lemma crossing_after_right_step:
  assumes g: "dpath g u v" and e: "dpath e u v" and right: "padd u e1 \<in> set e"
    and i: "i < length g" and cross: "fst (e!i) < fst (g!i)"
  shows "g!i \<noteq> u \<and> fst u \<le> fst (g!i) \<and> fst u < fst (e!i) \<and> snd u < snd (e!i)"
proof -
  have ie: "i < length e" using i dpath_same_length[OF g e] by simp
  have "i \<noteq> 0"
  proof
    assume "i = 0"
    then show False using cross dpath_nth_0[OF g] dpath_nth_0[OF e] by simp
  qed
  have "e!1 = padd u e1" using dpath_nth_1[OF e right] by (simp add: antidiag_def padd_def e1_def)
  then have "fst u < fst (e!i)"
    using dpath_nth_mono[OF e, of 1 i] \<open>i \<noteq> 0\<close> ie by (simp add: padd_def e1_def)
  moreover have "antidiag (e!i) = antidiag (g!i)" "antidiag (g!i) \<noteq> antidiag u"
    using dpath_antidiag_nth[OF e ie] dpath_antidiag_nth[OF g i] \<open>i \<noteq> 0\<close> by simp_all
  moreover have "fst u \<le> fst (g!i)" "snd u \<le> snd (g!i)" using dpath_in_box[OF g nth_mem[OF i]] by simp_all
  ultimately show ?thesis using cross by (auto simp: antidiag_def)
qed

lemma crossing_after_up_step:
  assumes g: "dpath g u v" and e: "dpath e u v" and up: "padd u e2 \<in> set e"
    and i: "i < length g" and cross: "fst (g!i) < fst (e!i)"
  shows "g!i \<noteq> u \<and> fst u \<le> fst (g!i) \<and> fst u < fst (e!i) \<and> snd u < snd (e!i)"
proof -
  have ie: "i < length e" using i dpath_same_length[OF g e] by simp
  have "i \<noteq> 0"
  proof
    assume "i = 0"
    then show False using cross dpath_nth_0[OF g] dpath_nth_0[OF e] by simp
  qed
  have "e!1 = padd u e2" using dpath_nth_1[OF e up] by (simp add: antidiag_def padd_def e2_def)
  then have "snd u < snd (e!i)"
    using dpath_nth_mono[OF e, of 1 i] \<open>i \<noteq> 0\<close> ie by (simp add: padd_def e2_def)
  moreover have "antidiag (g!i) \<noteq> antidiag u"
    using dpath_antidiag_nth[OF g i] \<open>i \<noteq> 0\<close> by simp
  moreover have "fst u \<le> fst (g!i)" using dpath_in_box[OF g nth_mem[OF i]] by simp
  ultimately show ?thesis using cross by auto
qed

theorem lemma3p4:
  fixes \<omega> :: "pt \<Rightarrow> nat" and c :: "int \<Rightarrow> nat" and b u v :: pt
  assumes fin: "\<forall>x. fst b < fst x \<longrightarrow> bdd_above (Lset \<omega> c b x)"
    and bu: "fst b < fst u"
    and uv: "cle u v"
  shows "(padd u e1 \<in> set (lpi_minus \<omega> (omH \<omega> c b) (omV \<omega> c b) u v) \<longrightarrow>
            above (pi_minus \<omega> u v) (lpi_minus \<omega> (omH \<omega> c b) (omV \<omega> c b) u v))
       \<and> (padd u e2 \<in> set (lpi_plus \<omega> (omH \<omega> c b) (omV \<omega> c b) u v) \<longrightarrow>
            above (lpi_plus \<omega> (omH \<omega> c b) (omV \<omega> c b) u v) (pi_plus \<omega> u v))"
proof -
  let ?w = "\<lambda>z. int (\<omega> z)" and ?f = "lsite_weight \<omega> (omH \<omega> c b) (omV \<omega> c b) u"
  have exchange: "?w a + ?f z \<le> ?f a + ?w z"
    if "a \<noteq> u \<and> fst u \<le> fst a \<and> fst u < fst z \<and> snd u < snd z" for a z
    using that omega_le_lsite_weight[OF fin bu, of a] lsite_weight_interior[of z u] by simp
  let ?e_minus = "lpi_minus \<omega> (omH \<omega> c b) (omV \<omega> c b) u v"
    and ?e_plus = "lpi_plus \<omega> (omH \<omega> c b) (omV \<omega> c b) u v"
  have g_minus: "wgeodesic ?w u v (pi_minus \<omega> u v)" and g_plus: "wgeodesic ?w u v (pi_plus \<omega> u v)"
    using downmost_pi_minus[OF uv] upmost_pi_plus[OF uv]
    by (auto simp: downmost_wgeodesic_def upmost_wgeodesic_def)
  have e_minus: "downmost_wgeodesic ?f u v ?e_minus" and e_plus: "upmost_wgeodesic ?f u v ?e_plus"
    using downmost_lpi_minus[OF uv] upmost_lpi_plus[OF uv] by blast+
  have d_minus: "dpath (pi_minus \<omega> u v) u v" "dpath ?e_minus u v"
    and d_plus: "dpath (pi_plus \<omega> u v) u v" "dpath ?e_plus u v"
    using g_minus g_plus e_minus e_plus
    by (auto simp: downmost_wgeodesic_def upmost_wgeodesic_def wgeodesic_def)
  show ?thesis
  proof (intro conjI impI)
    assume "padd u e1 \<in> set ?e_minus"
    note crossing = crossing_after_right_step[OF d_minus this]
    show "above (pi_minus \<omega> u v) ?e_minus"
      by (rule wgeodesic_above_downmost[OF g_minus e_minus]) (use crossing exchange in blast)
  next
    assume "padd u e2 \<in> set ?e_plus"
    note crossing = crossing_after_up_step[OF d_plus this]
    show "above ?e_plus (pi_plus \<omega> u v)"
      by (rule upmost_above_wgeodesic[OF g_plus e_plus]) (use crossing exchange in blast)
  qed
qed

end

==

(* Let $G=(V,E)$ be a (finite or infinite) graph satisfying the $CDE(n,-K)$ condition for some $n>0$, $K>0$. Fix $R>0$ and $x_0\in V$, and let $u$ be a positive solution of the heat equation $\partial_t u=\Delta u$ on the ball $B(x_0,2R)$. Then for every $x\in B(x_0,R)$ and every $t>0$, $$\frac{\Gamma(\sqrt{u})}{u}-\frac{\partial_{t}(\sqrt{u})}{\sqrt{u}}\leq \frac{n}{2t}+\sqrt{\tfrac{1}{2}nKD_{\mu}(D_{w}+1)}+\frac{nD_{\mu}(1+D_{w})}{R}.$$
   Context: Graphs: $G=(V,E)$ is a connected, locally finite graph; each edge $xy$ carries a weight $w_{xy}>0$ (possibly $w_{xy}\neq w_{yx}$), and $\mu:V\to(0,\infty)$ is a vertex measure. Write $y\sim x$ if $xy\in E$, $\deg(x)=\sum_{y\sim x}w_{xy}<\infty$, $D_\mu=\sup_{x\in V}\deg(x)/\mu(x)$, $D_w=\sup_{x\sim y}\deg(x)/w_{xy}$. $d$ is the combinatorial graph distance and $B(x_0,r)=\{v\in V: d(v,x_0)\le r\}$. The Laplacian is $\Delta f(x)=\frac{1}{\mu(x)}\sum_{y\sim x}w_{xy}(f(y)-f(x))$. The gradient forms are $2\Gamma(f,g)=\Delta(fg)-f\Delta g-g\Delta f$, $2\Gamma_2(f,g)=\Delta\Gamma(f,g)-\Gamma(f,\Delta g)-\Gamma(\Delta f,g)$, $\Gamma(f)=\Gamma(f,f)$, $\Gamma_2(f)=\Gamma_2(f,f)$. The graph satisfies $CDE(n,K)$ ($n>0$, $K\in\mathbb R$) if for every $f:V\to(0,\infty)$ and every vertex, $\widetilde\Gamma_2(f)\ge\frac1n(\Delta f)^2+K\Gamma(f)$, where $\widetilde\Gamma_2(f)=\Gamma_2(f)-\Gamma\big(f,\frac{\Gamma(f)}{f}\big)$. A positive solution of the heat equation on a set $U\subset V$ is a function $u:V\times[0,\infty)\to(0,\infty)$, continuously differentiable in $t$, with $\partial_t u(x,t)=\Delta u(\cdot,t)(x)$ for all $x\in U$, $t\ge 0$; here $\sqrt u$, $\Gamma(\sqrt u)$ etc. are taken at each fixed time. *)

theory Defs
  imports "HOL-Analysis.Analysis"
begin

PROBLEM DESCRIPTION:
Using only the data above, copy out the lines that include the word "thesis".

REPLY:
  ultimately show ?thesis using cross by (auto simp: antidiag_def)
  ultimately show ?thesis using cross by auto
  show ?thesis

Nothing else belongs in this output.